Of course, in the studio themes emerge (like portraits) but there are always a great many other discoveries going on.
These two boys busily built a castle out of clay.
While many children just explored the properties of the media, guided by inner questions like, "What happens if I do this?" and share their research and discovery with the group. In this way our collective understanding of the "language" of clay, or paint, or wire or any other media continues to develop over time and so does what we are capable of expressing through a given media. This is one of the a many reasons that we celebrate mixed age classrooms and the Reggio/Montessori combination. Everyone is researching personal and shared questions, sharing them through action, words and effect with one another. Through this ongoing dialog our conversation evolves in unexpected ways, with depth and shared understanding.
These last few days have presented many gifts from nature's creative hand. We have stood transfixed with wonder, looking at the changing leaves, weather and more. As adults working with young children we feel it is our responsibility to give the children transparent access to our own experience of awe. The children are always forthcoming with theirs. As we speak aloud our observations, curiosity and respect for the natural world we validate the child's own natural experience and affirm our own interconnections with the world around us.

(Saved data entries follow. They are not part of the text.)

(* Let $p>1$ and let ${\bf a}=(a_n)_{n\in\mathbb N}$ be a good weight for the dominated weighted ergodic theorem in $L^p$. Then the Nörlund matrix $N_{\bf a}$ is bounded on $\ell^p(\mathbb N)$. Moreover, for every non-increasing sequence $(b_n)_{n\in\mathbb N}$ of nonnegative numbers, with ${\bf c}:=(a_nb_n)_{n\in\mathbb N}$, the Nörlund matrix $N_{\bf c}$ is bounded on $\ell^p(\mathbb N)$.
   Context: For a complex sequence ${\bf a}=(a_n)_{n\in\mathbb N}$ set $A_i:=\sum_{k=0}^i|a_k|$. The Nörlund matrix $N_{\bf a}=(a_{ij})_{i,j\in\mathbb N}$ has entries $a_{ij}=a_{i-j}/A_i$ if $0\le j\le i$ and $A_i>0$, and $a_{ij}=0$ if $j>i$ or $A_i=0$; it is bounded on $\ell^p(\mathbb N)$ if there is $C_p$ with $\|N_{\bf a}u\|_{\ell^p}\le C_p\|u\|_{\ell^p}$ for all finitely supported $u$. (For ${\bf c}$, $A_i$ is replaced by $\sum_{k=0}^i|c_k|$.) The sequence ${\bf a}$ is a good weight for the dominated weighted ergodic theorem in $L^p$ if there is $C>0$ such that for every probability-measure-preserving system $(X,\Sigma,\nu,\tau)$ and every $f\in L^p(\nu)$, $\|\sup_{n\ge0}\frac1{A_n}|\sum_{k=0}^na_kf\circ\tau^k|\|_{L^p(\nu)}\le C\|f\|_{L^p(\nu)}$, with the quotient read as $0$ when $A_n=0$. *)

theory Defs
  imports "HOL-Probability.Probability"
begin

definition norlund :: "(nat \<Rightarrow> complex) \<Rightarrow> nat \<Rightarrow> nat \<Rightarrow> complex" where
  "norlund a i j =
     (let A = (\<Sum>k\<le>i. norm (a k)) in
      if j \<le> i \<and> A > 0 then a (i - j) / complex_of_real A else 0)"

text \<open>Boundedness of an infinite matrix on l^p(N), tested on finitely supported vectors:
  ||M u||_p \<le> C ||u||_p, where the l^p norm of M u is the supremum of its partial sums.\<close>
definition lp_bounded :: "real \<Rightarrow> (nat \<Rightarrow> nat \<Rightarrow> complex) \<Rightarrow> bool" where
  "lp_bounded p M \<longleftrightarrow>
     (\<exists>C. \<forall>u :: nat \<Rightarrow> complex. finite {j. u j \<noteq> 0} \<longrightarrow>
        (\<forall>n. (\<Sum>i<n. norm (\<Sum>j\<in>{j. u j \<noteq> 0}. M i j * u j) powr p) powr (1 / p)
             \<le> C * (\<Sum>j\<in>{j. u j \<noteq> 0}. norm (u j) powr p) powr (1 / p)))"

definition pmp_system :: "real measure \<Rightarrow> (real \<Rightarrow> real) \<Rightarrow> bool" where
  "pmp_system M T \<longleftrightarrow> prob_space M \<and> T \<in> measurable M M \<and> distr M M T = M"

text \<open>Good weight for the dominated weighted ergodic theorem in L^p:
  ||sup_n |1/A_n sum_{k \<le> n} a_k f o T^k| ||_p \<le> C ||f||_p, written with p-th powers
  (the quotient is 0 when A_n = 0 since x / 0 = 0).\<close>
definition good_weight :: "real \<Rightarrow> (nat \<Rightarrow> complex) \<Rightarrow> bool" where
  "good_weight p a \<longleftrightarrow>
     (\<exists>C>0. \<forall>M T (f :: real \<Rightarrow> complex).
        pmp_system M T \<and> f \<in> borel_measurable M \<and>
        (\<integral>\<^sup>+ x. ennreal (norm (f x) powr p) \<partial>M) < \<infinity> \<longrightarrow>
        (\<integral>\<^sup>+ x. (SUP n. ennreal ((norm (\<Sum>k\<le>n. a k * f ((T ^^ k) x))
                                    / (\<Sum>k\<le>n. norm (a k))) powr p)) \<partial>M)
          \<le> ennreal (C powr p) * (\<integral>\<^sup>+ x. ennreal (norm (f x) powr p) \<partial>M))"

end

theory Submission
  imports Defs
begin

My son Bodhi recently loaned his two beloved rats, Henry and Taffy, to the studio and the children have shown their gratitude with an enthusiastic welcome.

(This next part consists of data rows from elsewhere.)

definition symmetric_boolean_decomposition ::
  "'a set \<Rightarrow> ('a \<Rightarrow> 'a \<Rightarrow> bool) \<Rightarrow> ('a \<Rightarrow> nat) \<Rightarrow> nat \<Rightarrow> 'a set set \<Rightarrow> bool" where
  "symmetric_boolean_decomposition R le rk N D \<longleftrightarrow>
     partition_on R D \<and>
     (\<forall>S\<in>D. \<exists>j::nat. 2 * j \<le> N \<and>
        (\<exists>\<rho> :: nat set \<Rightarrow> 'a.
           bij_betw \<rho> (boolean_lattice (N - 2 * j)) S \<and>
           (\<forall>A B. covers (boolean_lattice (N - 2 * j)) (\<subseteq>) A B \<longrightarrow> covers R le (\<rho> A) (\<rho> B)) \<and>
           (\<forall>A\<in>boolean_lattice (N - 2 * j). rk (\<rho> A) = j + card A)))"

definition admits_sbd :: "'a set \<Rightarrow> ('a \<Rightarrow> 'a \<Rightarrow> bool) \<Rightarrow> ('a \<Rightarrow> nat) \<Rightarrow> nat \<Rightarrow> bool" where
  "admits_sbd R le rk N \<longleftrightarrow> (\<exists>D. symmetric_boolean_decomposition R le rk N D)"

definition prod_le :: "('a \<Rightarrow> 'a \<Rightarrow> bool) \<Rightarrow> ('b \<Rightarrow> 'b \<Rightarrow> bool) \<Rightarrow> 'a \<times> 'b \<Rightarrow> 'a \<times> 'b \<Rightarrow> bool" where
  "prod_le leP leQ x y \<longleftrightarrow> leP (fst x) (fst y) \<and> leQ (snd x) (snd y)"

definition prod_rk :: "('a \<Rightarrow> nat) \<Rightarrow> ('b \<Rightarrow> nat) \<Rightarrow> 'a \<times> 'b \<Rightarrow> nat" where
  "prod_rk rkP rkQ x = rkP (fst x) + rkQ (snd x)"

end

theory Submission
  imports Defs
begin

(* Let D1, D2 be symmetric boolean decompositions of P (rank m) and Q (rank n).
   The blocks S \<times> T (S \<in> D1, T \<in> D2) partition P \<times> Q.  If S is the image of
   B_a (a = m - 2j) and T the image of B_b (b = n - 2k), then S \<times> T is the
   image of B_a \<times> B_b, which is identified with B_{a+b} by splitting a subset
   of {0..<a+b} into its part below a and its (shifted) part from a on.
   A cover in B_{a+b} adds one element, hence changes exactly one of the two
   halves by a cover; a cover in one factor of a poset product (with the other
   coordinate fixed) is a cover of the product; and ranks add up, so the
   block S \<times> T has offset j + k and m + n - 2(j + k) = a + b. *)

lemma covers_Pow_iff:
  "covers (Pow U) (\<subseteq>) A B \<longleftrightarrow> A \<subseteq> U \<and> (\<exists>x\<in>U. x \<notin> A \<and> B = insert x A)"
proof
  assume "covers (Pow U) (\<subseteq>) A B"
  then have sub: "A \<subseteq> B" "A \<noteq> B" "B \<subseteq> U"
    and no_between: "\<not> (\<exists>z\<in>Pow U. A \<subseteq> z \<and> z \<subseteq> B \<and> z \<noteq> A \<and> z \<noteq> B)"
    unfolding covers_def by auto
  then obtain x where x: "x \<in> B" "x \<notin> A" by blast
  \<comment> \<open>insert x A lies between A and B and differs from A, so it must be B\<close>
  have "insert x A = B"
    using no_between sub x by (metis Pow_iff insert_subset subset_trans subset_insertI insertI1)
  then show "A \<subseteq> U \<and> (\<exists>x\<in>U. x \<notin> A \<and> B = insert x A)" using sub x by auto
next
  assume "A \<subseteq> U \<and> (\<exists>x\<in>U. x \<notin> A \<and> B = insert x A)"
  then obtain x where "A \<subseteq> U" "x \<in> U" "x \<notin> A" "B = insert x A" by blast
  moreover have "z = A \<or> z = insert x A" if "A \<subseteq> z" "z \<subseteq> insert x A" for z
    using that by blast
  ultimately show "covers (Pow U) (\<subseteq>) A B" unfolding covers_def by auto
qed

definition split_set :: "nat \<Rightarrow> nat set \<Rightarrow> nat set \<times> nat set" where
  "split_set a A = (A \<inter> {0..<a}, (\<lambda>x. x - a) ` (A - {0..<a}))"

lemma split_set_bij:
  "bij_betw (split_set a) (Pow {0..<a+b}) (Pow {0..<a} \<times> Pow {0..<b})"
proof (rule bij_betw_byWitness[where f' = "\<lambda>(X, Y). X \<union> (\<lambda>x. x + a) ` Y"])
  show "\<forall>A\<in>Pow {0..<a+b}. (\<lambda>(X, Y). X \<union> (\<lambda>x. x + a) ` Y) (split_set a A) = A"
  proof
    fix A
    have "(\<lambda>x. x + a) ` (\<lambda>x. x - a) ` (A - {0..<a}) = A - {0..<a}"
      by (auto simp: image_image image_iff)
    then show "(\<lambda>(X, Y). X \<union> (\<lambda>x. x + a) ` Y) (split_set a A) = A"
      by (auto simp: split_set_def)
  qed
  show "\<forall>p\<in>Pow {0..<a} \<times> Pow {0..<b}. split_set a ((\<lambda>(X, Y). X \<union> (\<lambda>x. x + a) ` Y) p) = p"
  proof
    fix p assume p: "p \<in> Pow {0..<a} \<times> Pow {0..<b}"
    obtain X Y where [simp]: "p = (X, Y)" by fastforce
    have "(X \<union> (\<lambda>x. x + a) ` Y) \<inter> {0..<a} = X"
      and "(X \<union> (\<lambda>x. x + a) ` Y) - {0..<a} = (\<lambda>x. x + a) ` Y"
      using p by auto
    then show "split_set a ((\<lambda>(X, Y). X \<union> (\<lambda>x. x + a) ` Y) p) = p"
      by (simp add: split_set_def image_image)
  qed
qed (auto simp: split_set_def)

lemma card_split_set:
  assumes "finite A"
  shows "card (fst (split_set a A)) + card (snd (split_set a A)) = card A"
proof -
  have "inj_on (\<lambda>x. x - a) (A - {0..<a})" by (auto simp: inj_on_def)
  then have "card ((\<lambda>x. x - a) ` (A - {0..<a})) = card (A - {0..<a})" by (rule card_image)
  with card_Int_Diff[OF assms] show ?thesis by (simp add: split_set_def)
qed

lemma covers_split_set:
  assumes "covers (Pow {0..<a+b}) (\<subseteq>) A B"
  shows "(covers (Pow {0..<a}) (\<subseteq>) (fst (split_set a A)) (fst (split_set a B))
            \<and> snd (split_set a B) = snd (split_set a A))
       \<or> (fst (split_set a B) = fst (split_set a A)
            \<and> covers (Pow {0..<b}) (\<subseteq>) (snd (split_set a A)) (snd (split_set a B)))"
proof -
  obtain x where x: "A \<subseteq> {0..<a+b}" "x < a + b" "x \<notin> A" "B = insert x A"
    using assms unfolding covers_Pow_iff by auto
  show ?thesis
  proof (cases "x < a")
    case True
    then have "fst (split_set a B) = insert x (fst (split_set a A))"
      and "snd (split_set a B) = snd (split_set a A)"
      using x by (auto simp: split_set_def)
    then show ?thesis
      using True x by (auto simp: covers_Pow_iff split_set_def)
  next
    case False
    have fresh: "x - a \<notin> snd (split_set a A)"
    proof
      assume "x - a \<in> snd (split_set a A)"
      then obtain y where "y \<in> A" "a \<le> y" "x - a = y - a" by (auto simp: split_set_def)
      then have "y = x" using False by simp
      with \<open>y \<in> A\<close> x show False by simp
    qed
    have "fst (split_set a B) = fst (split_set a A)"
      and "snd (split_set a B) = insert (x - a) (snd (split_set a A))"
      using False x by (auto simp: split_set_def)
    then show ?thesis
      using False x fresh by (auto simp: covers_Pow_iff split_set_def)
  qed
qed

text \<open>Reflexivity and antisymmetry in
  the second factor make the second coordinate of any intermediate element
  equal to q.\<close>
lemma covers_prod_fst:
  assumes "partial_order_on_set Q leQ" and "covers P leP p p'" and "q \<in> Q"
  shows "covers (P \<times> Q) (prod_le leP leQ) (p, q) (p', q)"
proof -
  have "leQ q q" and antisym: "\<And>z. z \<in> Q \<Longrightarrow> leQ q z \<Longrightarrow> leQ z q \<Longrightarrow> z = q"
    using assms(1,3) unfolding partial_order_on_set_def by blast+
  with assms(2,3) show ?thesis
    unfolding covers_def prod_le_def by (auto dest: antisym)
qed

lemma covers_prod_snd:
  assumes "partial_order_on_set P leP" and "covers Q leQ q q'" and "p \<in> P"
  shows "covers (P \<times> Q) (prod_le leP leQ) (p, q) (p, q')"
proof -
  have "leP p p" and antisym: "\<And>z. z \<in> P \<Longrightarrow> leP p z \<Longrightarrow> leP z p \<Longrightarrow> z = p"
    using assms(1,3) unfolding partial_order_on_set_def by blast+
  with assms(2,3) show ?thesis
    unfolding covers_def prod_le_def by (auto dest: antisym)
qed

lemma partition_on_Times:
  assumes "partition_on P D1" and "partition_on Q D2"
  shows "partition_on (P \<times> Q) ((\<lambda>(S, T). S \<times> T) ` (D1 \<times> D2))"
proof (rule partition_onI)
  show "\<Union> ((\<lambda>(S, T). S \<times> T) ` (D1 \<times> D2)) = P \<times> Q"
    using partition_onD1[OF assms(1)] partition_onD1[OF assms(2)] by auto
  show "{} \<notin> (\<lambda>(S, T). S \<times> T) ` (D1 \<times> D2)"
    using partition_onD3[OF assms(1)] partition_onD3[OF assms(2)]
    by (auto simp: eq_commute[of "{}"])
next
  fix U V
  assume "U \<in> (\<lambda>(S, T). S \<times> T) ` (D1 \<times> D2)" "V \<in> (\<lambda>(S, T). S \<times> T) ` (D1 \<times> D2)" "U \<noteq> V"
  then obtain S T S' T' where blocks: "S \<in> D1" "T \<in> D2" "S' \<in> D1" "T' \<in> D2"
    "U = S \<times> T" "V = S' \<times> T'" "S \<noteq> S' \<or> T \<noteq> T'" by auto
  then have "disjnt S S' \<or> disjnt T T'"
    using partition_onD2[OF assms(1)] partition_onD2[OF assms(2)]
    by (auto dest: pairwiseD)
  with blocks show "disjnt U V" by (auto simp: disjnt_def)
qed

This week while watching the children building with blocks in the block area, I wondered how I might offer another cognitive knot in the block area to stretch thinking, collaboration and creative problem solving.
And what better inspiration than rats! The children are busily attempting to build rat mazes and habitats to contain our furry friends. Once they feel confident in their creation we set one of the rats loose and watch his journey through the labyrinth of blocks.
Thus far, the rats escape within the first minute of exploration. I will keep you posted as the building projects and ideas continue to develop.